David Worsfold
It has been a busy few months in the world of financial regulation with new bosses at the main regulators – Andrew Bailey at the Financial Conduct Authority and now Sam Woods at the Prudential Regulation Authority - and an imminent restructuring of the governance of regulation within the Bank of England.
The end result will be a re-assertion of the Bank's primacy in regulation across the entire financial services sector after decades of decentralisation. To many it will feel like a return to the pre-1997, pre-Financial Services Authority era. Up to a point that is true but only if you take a superficial almost exclusively structural view.
Behind the structures - and empowering them - is a mass of new statutes and international regulatory bodies. These didn't exist 20 years ago. However, the authority derived from those new powers now sits squarely with the Bank of England.
So, just how has the Old Lady of Threadneedle Street eased itself back into the driving seat?
It started, of course, with the breaking up of the FSA in 2013 and the return to the Bank of responsibility for prudential regulation with the PRA Board sitting within the Bank and the PRA boss – Andrew Bailey – also a deputy governor of the Bank.
This left conduct regulation in the hands of a separate regulator and one which its first chief executive Martin Wheatley was determined to give a distinct identity. He saw his key relationship being with Parliament as he positioned the FCA as a consumer watchdog first and foremost. To a lesser extent, he looked to the Treasury, although he didn’t work hard enough to build or retain its confidence. In public, he rarely showed any deference towards the Bank.
Wheatley’s approach - frequently caricatured as shoot first, ask questions later - created many enemies. When he made a few mistakes, there was no rush to defend him and the FCA. In particular, his failure to keep the Treasury onside left him very vulnerable and with powerful City voices being given an audience in Chancellor George Osborne’s office, Wheatley’s days were numbered.
From that moment, the re-assertion of the Bank’s primacy in City regulation has moved relentlessly forward like an unstoppable juggernaut.
A reluctant Andrew Bailey was pushed into the top job of the FCA with a clear brief to converge cultures. He doesn’t actually start for a few weeks but the change is already evident.

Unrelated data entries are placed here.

lemma even_sum_eq_0: "n < 2 * j \<Longrightarrow> even_sum q n j = 0"
  unfolding even_sum_def
proof (rule sum.neutral, intro ballI)
  fix k
  assume "n < 2 * j"
  show "weighted_qbinom q n (2 * k) * qbinom (q\<^sup>2) k j = 0"
    using \<open>n < 2 * j\<close> by (cases "k < j") (simp_all add: qbinom_eq_0 weighted_qbinom_eq_0)
qed

lemma even_sum_double:
  assumes q: "q \<noteq> -1" and "j > 0"
  shows "even_sum q (2 * j) j = 1"
proof -
  define n where "n = 2 * j - 1"
  have n: "2 * j = Suc n" using \<open>j > 0\<close> by (simp add: n_def)
  have "Suc n - j = j" using n by simp
  then have "odd_sum_formula q (Suc n) j = 1" "odd_sum_formula q n j = 0"
    using n by (simp_all add: odd_sum_formula_def qbinom_self[OF power2_neq_minus_1] qbinom_eq_0)
  then show ?thesis
    unfolding n even_sum_eq_odd_sum_formula_diff[OF q] by simp
qed

lemma even_sum_interior:
  assumes q: "q \<noteq> -1" and "2 * j < n"
  shows "even_sum q n j
       = (\<Prod>i=j+1..<n-j. 1 + q ^ i) * (qint q n / qint q (n - j)) * qbinom q (n - j) j"
proof -
  define M where "M = n - j - 1"
  have M: "n - j = Suc M" "n = Suc M + j" "j \<le> M" using assms(2) by (simp_all add: M_def)
  have n: "n = Suc (M + j)" using M(2) by simp
  define P where "P = (\<Prod>i=j+1..<Suc M. 1 + q ^ i)"
  have "odd_sum_formula q n j = P * ((1 + q ^ Suc M) * qbinom q (Suc M) j)"
    unfolding odd_sum_formula_closed_form[OF q] M(1) P_def using M(3)
    by (simp add: prod.nat_ivl_Suc' atLeastLessThanSuc_atLeastAtMost)
  moreover have "odd_sum_formula q (M + j) j = P * qbinom q M j"
    unfolding odd_sum_formula_closed_form[OF q] P_def
    by (simp add: atLeastLessThanSuc_atLeastAtMost)
  ultimately have "even_sum q n j
      = P * ((1 + q ^ Suc M) * qbinom q (Suc M) j - q ^ (Suc M + j) * qbinom q M j)"
    unfolding n even_sum_eq_odd_sum_formula_diff[OF q] by (simp add: algebra_simps)
  also have "\<dots> = P * (qint q n / qint q (Suc M) * qbinom q (Suc M) j)"
    using one_plus_power_qbinom_diff[OF q M(3)] unfolding M(2)[symmetric] by simp
  finally show ?thesis unfolding P_def M(1) by (simp only: mult.assoc)
qed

The dropping of the proposed report into banking culture at the turn of the year by temporary chief executive Tracey McDermott was the first signal. No fanfares, no great announcement but just a low-key acknowledgement of a new tone:
We have decided that the best way to support these efforts is to engage individually with firms to encourage their delivery of cultural change as well as supporting the other initiatives outside the FCA.
In other words get them in for a quiet chat. Very central bank like.
Last week, the new closeness of the relationship between the PRA and FCA was underlined with the joint publication of proposals aimed at strengthening the transparency and effectiveness of the FCA’s and PRA’s enforcement decision-making processes.
The proposals address recommendations made by HM Treasury in its ‘Review of enforcement decision-making at the financial services regulators’ and Andrew Green QC’s ‘Report into the FSA’s enforcement actions following the failure of HBOS’. The two regulators are speaking with one voice in a way that simply would not have been possible between mid-2013 and the end of 2015.
Last week also saw the appointment of Sam Woods – a Bank insider already well-known to the insurance industry in his role as Executive Director of Insurance – as the new chief executive of the PRA, also serving as the deputy governor with responsibility for prudential regulation. For the Bank, however, he is deputy governor first, PRA boss second. Their press release on his announcement clearly acknowledged this with its heading ‘News Release - Appointment of new Deputy Governor for Prudential Regulation”.
Within a few months of taking over the PRA reins, Woods will lead it into a new era of deeper integration within the Bank’s governance structures. The Bank of England and Financial Services Bill currently waiting for its report stage in the House of Commons (having already completed its passage through the House of Lords) will abolish the PRA board and replace it with a new Prudential Regulation Committee (PRC) that will have the same status within the Bank as the Monetary Policy Committee and the Financial Policy Committee.
The establishment of such a major new committee has gone little reported or noted. Going forward, the PRA will now report to the new PRC going forward.
Regulation has definitely come home to the Bank.